## TASK PROMPT
Please copy, exactly as they appear below, the lines from the one containing "then show ?case using cf.topL by fastforce" through the one containing "case (Semi D1 D2)".

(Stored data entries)
◆ ◆ ◆

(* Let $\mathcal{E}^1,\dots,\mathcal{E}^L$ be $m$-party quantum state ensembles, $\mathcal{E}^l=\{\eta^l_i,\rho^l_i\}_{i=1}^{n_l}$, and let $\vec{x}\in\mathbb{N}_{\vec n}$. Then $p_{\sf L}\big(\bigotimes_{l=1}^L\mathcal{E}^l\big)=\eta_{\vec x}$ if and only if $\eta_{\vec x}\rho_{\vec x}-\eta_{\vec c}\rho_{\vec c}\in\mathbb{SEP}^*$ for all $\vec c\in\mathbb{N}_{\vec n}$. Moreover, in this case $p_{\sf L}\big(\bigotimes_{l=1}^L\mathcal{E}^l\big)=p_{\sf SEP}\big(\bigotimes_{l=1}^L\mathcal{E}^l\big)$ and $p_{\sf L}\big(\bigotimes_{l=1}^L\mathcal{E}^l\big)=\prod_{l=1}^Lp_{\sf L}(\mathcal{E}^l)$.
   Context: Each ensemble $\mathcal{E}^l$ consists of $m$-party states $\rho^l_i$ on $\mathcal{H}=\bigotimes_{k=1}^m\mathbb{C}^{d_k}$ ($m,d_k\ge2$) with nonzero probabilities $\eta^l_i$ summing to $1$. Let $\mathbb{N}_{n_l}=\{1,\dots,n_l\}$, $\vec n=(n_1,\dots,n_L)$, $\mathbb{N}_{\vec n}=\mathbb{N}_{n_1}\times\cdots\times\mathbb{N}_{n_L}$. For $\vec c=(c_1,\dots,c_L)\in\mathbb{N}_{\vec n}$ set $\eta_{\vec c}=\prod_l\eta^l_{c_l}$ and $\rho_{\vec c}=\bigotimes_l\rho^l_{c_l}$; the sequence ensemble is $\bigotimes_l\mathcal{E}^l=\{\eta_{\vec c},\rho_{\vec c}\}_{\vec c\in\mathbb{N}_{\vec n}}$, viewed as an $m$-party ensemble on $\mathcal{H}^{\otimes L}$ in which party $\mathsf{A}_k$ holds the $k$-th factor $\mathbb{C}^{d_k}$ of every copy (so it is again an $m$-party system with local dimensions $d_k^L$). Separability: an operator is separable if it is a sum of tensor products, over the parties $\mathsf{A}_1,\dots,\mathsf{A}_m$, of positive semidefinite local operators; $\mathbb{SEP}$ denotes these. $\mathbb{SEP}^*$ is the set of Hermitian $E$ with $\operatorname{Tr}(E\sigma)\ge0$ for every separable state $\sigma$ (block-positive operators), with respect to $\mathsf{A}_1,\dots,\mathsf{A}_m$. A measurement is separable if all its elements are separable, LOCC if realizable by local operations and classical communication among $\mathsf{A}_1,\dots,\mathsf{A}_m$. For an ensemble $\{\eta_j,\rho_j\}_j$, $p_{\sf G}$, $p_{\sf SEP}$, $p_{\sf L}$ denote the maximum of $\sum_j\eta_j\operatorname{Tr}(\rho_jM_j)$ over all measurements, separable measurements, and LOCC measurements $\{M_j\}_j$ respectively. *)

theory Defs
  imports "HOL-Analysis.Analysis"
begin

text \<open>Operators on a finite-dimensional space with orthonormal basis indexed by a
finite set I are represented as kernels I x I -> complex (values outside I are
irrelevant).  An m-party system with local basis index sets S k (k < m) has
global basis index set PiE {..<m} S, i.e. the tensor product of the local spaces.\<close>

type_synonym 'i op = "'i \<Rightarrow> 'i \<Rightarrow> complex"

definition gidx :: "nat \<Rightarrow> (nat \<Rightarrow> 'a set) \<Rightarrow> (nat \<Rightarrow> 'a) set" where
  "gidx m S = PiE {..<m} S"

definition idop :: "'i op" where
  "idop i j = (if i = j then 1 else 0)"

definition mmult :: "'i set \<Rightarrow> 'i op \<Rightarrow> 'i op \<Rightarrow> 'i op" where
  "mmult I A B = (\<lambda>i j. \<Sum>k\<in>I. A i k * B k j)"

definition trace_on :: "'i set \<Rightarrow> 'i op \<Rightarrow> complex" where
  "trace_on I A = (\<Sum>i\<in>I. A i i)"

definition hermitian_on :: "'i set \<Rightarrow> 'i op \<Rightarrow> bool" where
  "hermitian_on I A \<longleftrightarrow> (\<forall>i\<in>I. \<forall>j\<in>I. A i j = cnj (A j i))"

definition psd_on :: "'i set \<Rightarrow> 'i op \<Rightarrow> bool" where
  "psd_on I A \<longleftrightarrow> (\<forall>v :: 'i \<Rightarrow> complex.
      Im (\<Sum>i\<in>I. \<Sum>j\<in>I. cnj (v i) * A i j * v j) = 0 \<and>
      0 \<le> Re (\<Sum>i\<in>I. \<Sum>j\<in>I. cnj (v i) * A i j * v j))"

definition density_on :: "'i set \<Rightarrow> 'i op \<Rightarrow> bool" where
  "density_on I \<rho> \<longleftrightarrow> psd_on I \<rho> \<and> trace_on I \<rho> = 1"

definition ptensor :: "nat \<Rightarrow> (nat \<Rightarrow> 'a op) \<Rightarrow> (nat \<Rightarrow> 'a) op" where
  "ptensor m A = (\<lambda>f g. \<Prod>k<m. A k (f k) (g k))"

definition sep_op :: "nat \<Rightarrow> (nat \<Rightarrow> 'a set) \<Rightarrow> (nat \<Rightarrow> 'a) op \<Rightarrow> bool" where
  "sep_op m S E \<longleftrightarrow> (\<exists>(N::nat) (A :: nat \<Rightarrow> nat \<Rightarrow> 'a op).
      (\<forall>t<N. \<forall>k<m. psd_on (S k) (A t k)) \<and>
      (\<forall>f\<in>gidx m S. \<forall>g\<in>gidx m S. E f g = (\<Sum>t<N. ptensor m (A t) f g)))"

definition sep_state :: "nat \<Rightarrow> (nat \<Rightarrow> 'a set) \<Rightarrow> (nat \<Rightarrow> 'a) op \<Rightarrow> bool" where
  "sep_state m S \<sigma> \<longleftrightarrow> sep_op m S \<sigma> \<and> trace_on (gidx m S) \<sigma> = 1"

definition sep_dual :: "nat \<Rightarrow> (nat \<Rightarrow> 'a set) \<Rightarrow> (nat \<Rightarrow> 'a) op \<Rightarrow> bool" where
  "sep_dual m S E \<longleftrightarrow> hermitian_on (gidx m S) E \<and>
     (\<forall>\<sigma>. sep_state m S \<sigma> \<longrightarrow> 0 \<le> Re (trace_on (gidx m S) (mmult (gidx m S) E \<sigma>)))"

◆ ◆ ◆

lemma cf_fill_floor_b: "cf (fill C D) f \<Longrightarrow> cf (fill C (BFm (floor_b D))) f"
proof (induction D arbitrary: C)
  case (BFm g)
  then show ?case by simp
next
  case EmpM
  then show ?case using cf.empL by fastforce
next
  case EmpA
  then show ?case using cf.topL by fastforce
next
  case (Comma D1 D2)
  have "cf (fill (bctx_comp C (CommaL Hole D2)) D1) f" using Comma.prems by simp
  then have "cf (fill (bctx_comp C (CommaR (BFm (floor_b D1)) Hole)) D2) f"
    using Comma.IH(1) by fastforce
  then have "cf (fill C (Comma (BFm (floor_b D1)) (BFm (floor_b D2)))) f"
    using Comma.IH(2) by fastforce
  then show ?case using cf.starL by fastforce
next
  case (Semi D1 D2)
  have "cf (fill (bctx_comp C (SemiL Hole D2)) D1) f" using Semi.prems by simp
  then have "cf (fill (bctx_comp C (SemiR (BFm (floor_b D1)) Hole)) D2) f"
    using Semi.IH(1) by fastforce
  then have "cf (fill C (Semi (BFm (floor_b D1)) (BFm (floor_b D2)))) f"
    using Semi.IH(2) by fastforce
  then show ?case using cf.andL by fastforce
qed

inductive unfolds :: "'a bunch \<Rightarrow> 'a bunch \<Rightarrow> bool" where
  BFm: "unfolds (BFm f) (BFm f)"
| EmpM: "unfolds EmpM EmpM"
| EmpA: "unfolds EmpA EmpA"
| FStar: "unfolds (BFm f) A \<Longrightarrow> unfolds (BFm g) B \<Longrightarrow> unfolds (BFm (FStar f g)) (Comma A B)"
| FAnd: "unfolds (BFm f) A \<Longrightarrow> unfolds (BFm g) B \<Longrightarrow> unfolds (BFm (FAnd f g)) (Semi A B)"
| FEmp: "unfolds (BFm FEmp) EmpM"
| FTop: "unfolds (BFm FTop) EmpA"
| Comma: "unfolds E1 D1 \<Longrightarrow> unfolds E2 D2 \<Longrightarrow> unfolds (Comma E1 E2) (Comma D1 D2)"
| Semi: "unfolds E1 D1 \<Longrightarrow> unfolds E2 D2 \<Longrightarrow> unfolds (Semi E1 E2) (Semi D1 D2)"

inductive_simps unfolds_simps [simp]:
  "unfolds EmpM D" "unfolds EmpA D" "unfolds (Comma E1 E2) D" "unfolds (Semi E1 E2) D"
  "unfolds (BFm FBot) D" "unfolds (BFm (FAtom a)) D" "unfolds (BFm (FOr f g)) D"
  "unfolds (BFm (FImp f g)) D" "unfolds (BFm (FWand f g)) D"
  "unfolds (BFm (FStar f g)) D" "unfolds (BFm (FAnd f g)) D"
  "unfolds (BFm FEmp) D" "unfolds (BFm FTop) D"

◆ ◆ ◆

## SOLUTION BELOW
  then show ?case using cf.topL by fastforce
next
  case (Comma D1 D2)
  have "cf (fill (bctx_comp C (CommaL Hole D2)) D1) f" using Comma.prems by simp
  then have "cf (fill (bctx_comp C (CommaR (BFm (floor_b D1)) Hole)) D2) f"
    using Comma.IH(1) by fastforce
  then have "cf (fill C (Comma (BFm (floor_b D1)) (BFm (floor_b D2)))) f"
    using Comma.IH(2) by fastforce
  then show ?case using cf.starL by fastforce
next
  case (Semi D1 D2)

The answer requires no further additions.